I sped read thru again and didn't see it.


----------



## russ010 (Dec 4, 2008)

right now I'm using a Daiwa Alphas Ito 103ai reel (supposed to be used for finesse fishing, comparable to the Daiwa Sol) and for the rod I'm using a GLoomis MBR784c GL2 6'6" heavy fast action rod. The line that I'm using on this setup is PLine Halo 15#.

I'm bout to trade off reels and replace the Ito with a Daiwa Zillion... I'm not a fan of this line, but it's the only line this reel with throw. If I had my choice I would use this new stuff out by Seaguar. It's Red Line 100% Fluoro, and I would probably scale back to 12# test because this stuff is incredibly strong. I'm real picky with line, so I'm Russ Edwards and I approve this message!


----------



## Aaron2000 (Dec 6, 2008)

just wondered if you like your humminbird fish finder?? i was looking at getting a 565 hummin bird for my jon boat.


----------



## russ010 (Dec 11, 2008)

Aaron2000 said:


> just wondered if you like your humminbird fish finder?? i was looking at getting a 565 hummin bird for my jon boat.



I like it a lot... wish it was color and had a few more things that I could adjust, but it works well for where I fish.
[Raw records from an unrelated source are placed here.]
text \<open>The arc is split at the angle \<pi>/(1 + \<nu>): up to it the factor exp (-s^\<nu>) decays, beyond it
  exp (st) does.  Any angle strictly between \<pi>/2 and min \<pi> (\<pi>/(2\<nu>)) would serve.\<close>
lemma norm_bromwich_integrand_large_arc:
  assumes \<nu>: "0 < \<nu>" "\<nu> < 1" and t: "0 \<le> t" and R: "0 < R" and \<phi>: "\<phi> \<in> {pi/2..pi}"
  shows "norm (bromwich_integrand \<nu> \<rho> t (of_real R * cis \<phi>)) \<le> R powr (-\<rho>) *
    (exp (- (cos (\<nu> * pi / (1 + \<nu>)) * R powr \<nu>)) + exp (R powr \<nu> + t * cos (pi / (1 + \<nu>)) * R))"
proof -
  define \<phi>\<^sub>0 where "\<phi>\<^sub>0 = pi / (1 + \<nu>)"
  have \<phi>\<^sub>0: "pi / 2 < \<phi>\<^sub>0" "\<phi>\<^sub>0 < pi" "\<nu> * \<phi>\<^sub>0 < pi / 2"
    unfolding \<phi>\<^sub>0_def using \<nu> pi_gt_zero by (auto simp: field_simps)
  define z where "z = of_real R * cis \<phi>"
  have "\<phi> \<in> {-pi<..pi}"
    using \<phi> pi_gt_zero unfolding atLeastAtMost_iff greaterThanAtMost_iff by linarith
  then have "Arg z = \<phi>"
    unfolding z_def using R by (subst Arg_times_of_real) (auto intro!: Arg_cis)
  then have norm_z: "norm (bromwich_integrand \<nu> \<rho> t z) =
      R powr (-\<rho>) * (exp (t * R * cos \<phi>) * exp (- (R powr \<nu> * cos (\<nu> * \<phi>))))"
    using norm_bromwich_integrand[of z \<nu> \<rho> t] R by (simp add: z_def norm_mult mult_ac)
  have "exp (t * R * cos \<phi>) * exp (- (R powr \<nu> * cos (\<nu> * \<phi>))) \<le>
      exp (- (cos (\<nu> * \<phi>\<^sub>0) * R powr \<nu>)) + exp (R powr \<nu> + t * cos \<phi>\<^sub>0 * R)"
  proof (cases "\<phi> \<le> \<phi>\<^sub>0")
    case True
    have "cos \<phi> \<le> cos (pi / 2)"
      using \<phi> by (intro cos_monotone_0_pi_le) auto
    then have "exp (t * R * cos \<phi>) \<le> 1"
      using t R by (simp add: mult_nonneg_nonpos)
    moreover have "cos (\<nu> * \<phi>\<^sub>0) \<le> cos (\<nu> * \<phi>)"
      using True \<nu> \<phi> \<phi>\<^sub>0 by (intro cos_monotone_0_pi_le) (auto intro: mult_left_mono)
    then have "exp (- (R powr \<nu> * cos (\<nu> * \<phi>))) \<le> exp (- (cos (\<nu> * \<phi>\<^sub>0) * R powr \<nu>))"
      by (simp add: mult_left_mono mult.commute)
    ultimately show ?thesis
      by (smt (verit) exp_gt_zero mult_left_le_one_le)
  next
    case False
    have "cos \<phi> \<le> cos \<phi>\<^sub>0"
      using False \<phi> \<phi>\<^sub>0 by (intro cos_monotone_0_pi_le) auto
    then have "exp (t * R * cos \<phi>) \<le> exp (t * cos \<phi>\<^sub>0 * R)"
      using t R by (simp add: mult_left_mono mult.commute mult.left_commute)
    moreover have "exp (- (R powr \<nu> * cos (\<nu> * \<phi>))) \<le> exp (R powr \<nu>)"
      using mult_left_mono[of "- cos (\<nu> * \<phi>)" 1 "R powr \<nu>"] by simp
    ultimately show ?thesis
      by (smt (verit) exp_add exp_gt_zero mult_mono)
  qed
  then show ?thesis
    unfolding z_def[symmetric] norm_z \<phi>\<^sub>0_def by (intro mult_left_mono) auto
qed

lemma large_arc_integral_tendsto_zero:
  assumes \<nu>: "0 < \<nu>" "\<nu> < 1" and t: "0 < t"
  shows "((\<lambda>R. contour_integral (part_circlepath 0 R (pi/2) pi) (bromwich_integrand \<nu> \<rho> t)) \<longlongrightarrow> 0) at_top"
proof (rule Lim_null_comparison)
  define c where "c = cos (\<nu> * pi / (1 + \<nu>))"
  define d where "d = - cos (pi / (1 + \<nu>))"
  let ?B = "\<lambda>R. R powr (-\<rho>) * (exp (- (c * R powr \<nu>)) + exp (R powr \<nu> - t * d * R)) * R * (pi - pi / 2)"
  show "eventually (\<lambda>R. norm (contour_integral (part_circlepath 0 R (pi/2) pi)
      (bromwich_integrand \<nu> \<rho> t)) \<le> ?B R) at_top"
    using eventually_gt_at_top[of 0]
  proof eventually_elim
    case (elim R)
    have "path_image (part_circlepath 0 R (pi/2) pi) \<subseteq> {z. 0 \<le> Im z \<and> z \<noteq> 0}"
      using elim by (intro path_image_part_circlepath_upper_half_plane) auto
    then show ?case
      using elim t \<nu> norm_bromwich_integrand_large_arc[of \<nu> t R _ \<rho>]
      unfolding c_def d_def
      by (intro norm_contour_integral_part_circlepath_le(1)
          continuous_on_subset[OF continuous_on_bromwich_integrand_upper_half_plane]) auto
  qed
  have "0 < \<nu> * pi / (1 + \<nu>)" "\<nu> * pi / (1 + \<nu>) < pi / 2"
    using \<nu> by (simp_all add: field_simps)
  then have "0 < c"
    unfolding c_def using pi_gt_zero by (intro cos_gt_zero_pi) linarith+
  moreover have "0 < d"
    unfolding d_def using \<nu> cos_monotone_0_pi[of "pi / 2" "pi / (1 + \<nu>)"] by (auto simp: field_simps)
  ultimately show "(?B \<longlongrightarrow> 0) at_top"
    using \<nu> t by real_asymp
qed

section \<open>The Bromwich integral along the branch cut\<close>

lemma continuous_on_branch_cut_density: "continuous_on {0<..} (branch_cut_density \<nu> \<rho> t)"
  unfolding branch_cut_density_def[abs_def] by (intro continuous_intros) auto

lemma abs_branch_cut_density_le:
  assumes "0 < u"
  shows "\<bar>branch_cut_density \<nu> \<rho> t u\<bar> \<le> u powr (-\<rho>) * exp (u powr \<nu> - u * t)"
proof -
  have "- (u powr \<nu> * cos (pi * \<nu>)) \<le> u powr \<nu>"
    using mult_left_mono[of "- cos (pi * \<nu>)" 1 "u powr \<nu>"] by simp
  then have "exp (- u * t - u powr \<nu> * cos (pi * \<nu>)) \<le> exp (u powr \<nu> - u * t)"
    by simp
  then have "u powr (-\<rho>) * exp (- u * t - u powr \<nu> * cos (pi * \<nu>)) * \<bar>sin (u powr \<nu> * sin (pi * \<nu>) + pi * \<rho>)\<bar>
      \<le> u powr (-\<rho>) * exp (u powr \<nu> - u * t) * 1"
    by (intro mult_mono mult_left_mono) auto
  then show ?thesis
    by (simp add: branch_cut_density_def abs_mult)
qed

lemma branch_cut_majorant_absolutely_integrable:
  fixes \<nu> \<rho> t :: real
  assumes \<nu>: "0 < \<nu>" "\<nu> < 1" and t: "0 < t" and \<rho>: "\<rho> < 1"
  shows "(\<lambda>u. u powr (-\<rho>) * exp (u powr \<nu> - u * t)) absolutely_integrable_on {0<..}"
proof (rule absolutely_integrable_on_Ioi[where a="-\<rho>" and C="exp 1"])
  show "\<bar>u powr (-\<rho>) * exp (u powr \<nu> - u * t)\<bar> \<le> exp 1 * u powr (-\<rho>)" if "0 < u" "u \<le> 1" for u
  proof -
    have "u powr \<nu> \<le> 1"
      using that \<nu> by (intro powr_le1) auto
    moreover have "0 \<le> u * t"
      using that t by simp
    ultimately have "exp (u powr \<nu> - u * t) \<le> exp 1"
      by simp
    then show ?thesis
      using mult_left_mono[of "exp (u powr \<nu> - u * t)" "exp 1" "u powr (-\<rho>)"] by (simp add: mult.commute)
  qed
  show "((\<lambda>u. u\<^sup>2 * (u powr (-\<rho>) * exp (u powr \<nu> - u * t))) \<longlongrightarrow> 0) at_top"
    using \<nu> t by real_asymp
qed (use \<rho> in \<open>auto intro!: continuous_intros\<close>)
lemma orbit_codewords_at_distance_differ_in_one_component:
  assumes "finite (carrier R)" and "subfield K R" and "subfield L R" and "K \<subseteq> L"
    and "\<forall>U \<in> set F. subalgebra L U R" and "\<beta> \<in> carrier R - {\<zero>}"
    and "flag_dist R K (flag_mult R F (\<beta> [^] (a::nat))) (flag_mult R F (\<beta> [^] (b::nat)))
           = 2 * dim K L"
  obtains i where "\<And>k. k < length F \<Longrightarrow> k \<noteq> i
                     \<Longrightarrow> flag_mult R F (\<beta> [^] a) ! k = flag_mult R F (\<beta> [^] b) ! k"
proof -
  let ?X = "flag_mult R F (\<beta> [^] a)" and ?Y = "flag_mult R F (\<beta> [^] b)"
  let ?t = "\<lambda>k. subspace_dist R K (?X ! k) (?Y ! k)"
  have large: "2 * dim K L \<le> ?t k" if "k \<in> {..<length F}" and "?X ! k \<noteq> ?Y ! k" for k
  proof -
    have "subalgebra L (F ! k) R" using assms(5) that(1) by simp
    thus ?thesis
      using subspace_dist_image_mult_ge[OF assms(1-4)] nat_pow_nonzero[OF assms(6)] that
      by (simp add: flag_mult_def)
  qed
  have "sum ?t {..<length F} = 2 * dim K L"
    using assms(7) by (simp add: flag_dist_def flag_mult_def)
  moreover have "0 < 2 * dim K L" using dim_subfield_pos[OF assms(2-4,1)] by simp
  ultimately have "i = k"
    if "i < length F" "k < length F" "?X ! i \<noteq> ?Y ! i" "?X ! k \<noteq> ?Y ! k" for i k
    using sum_eq_imp_unique_large_term[OF finite_lessThan _ _ large] that by simp
  thus ?thesis using that by blast
qed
The reason I got this one was because of the size and clarity of screen.. I can tell the difference between stumps and limbs with it fairly well when I'm zoomed into those depths of cover. It has definitely put me on the fish - something I have never been able to do with a fish finder before!

I was looking at the 565 before I bought this one... I got this one as a steal off eaby for $99 brand new, just had to buy a transducer.


----------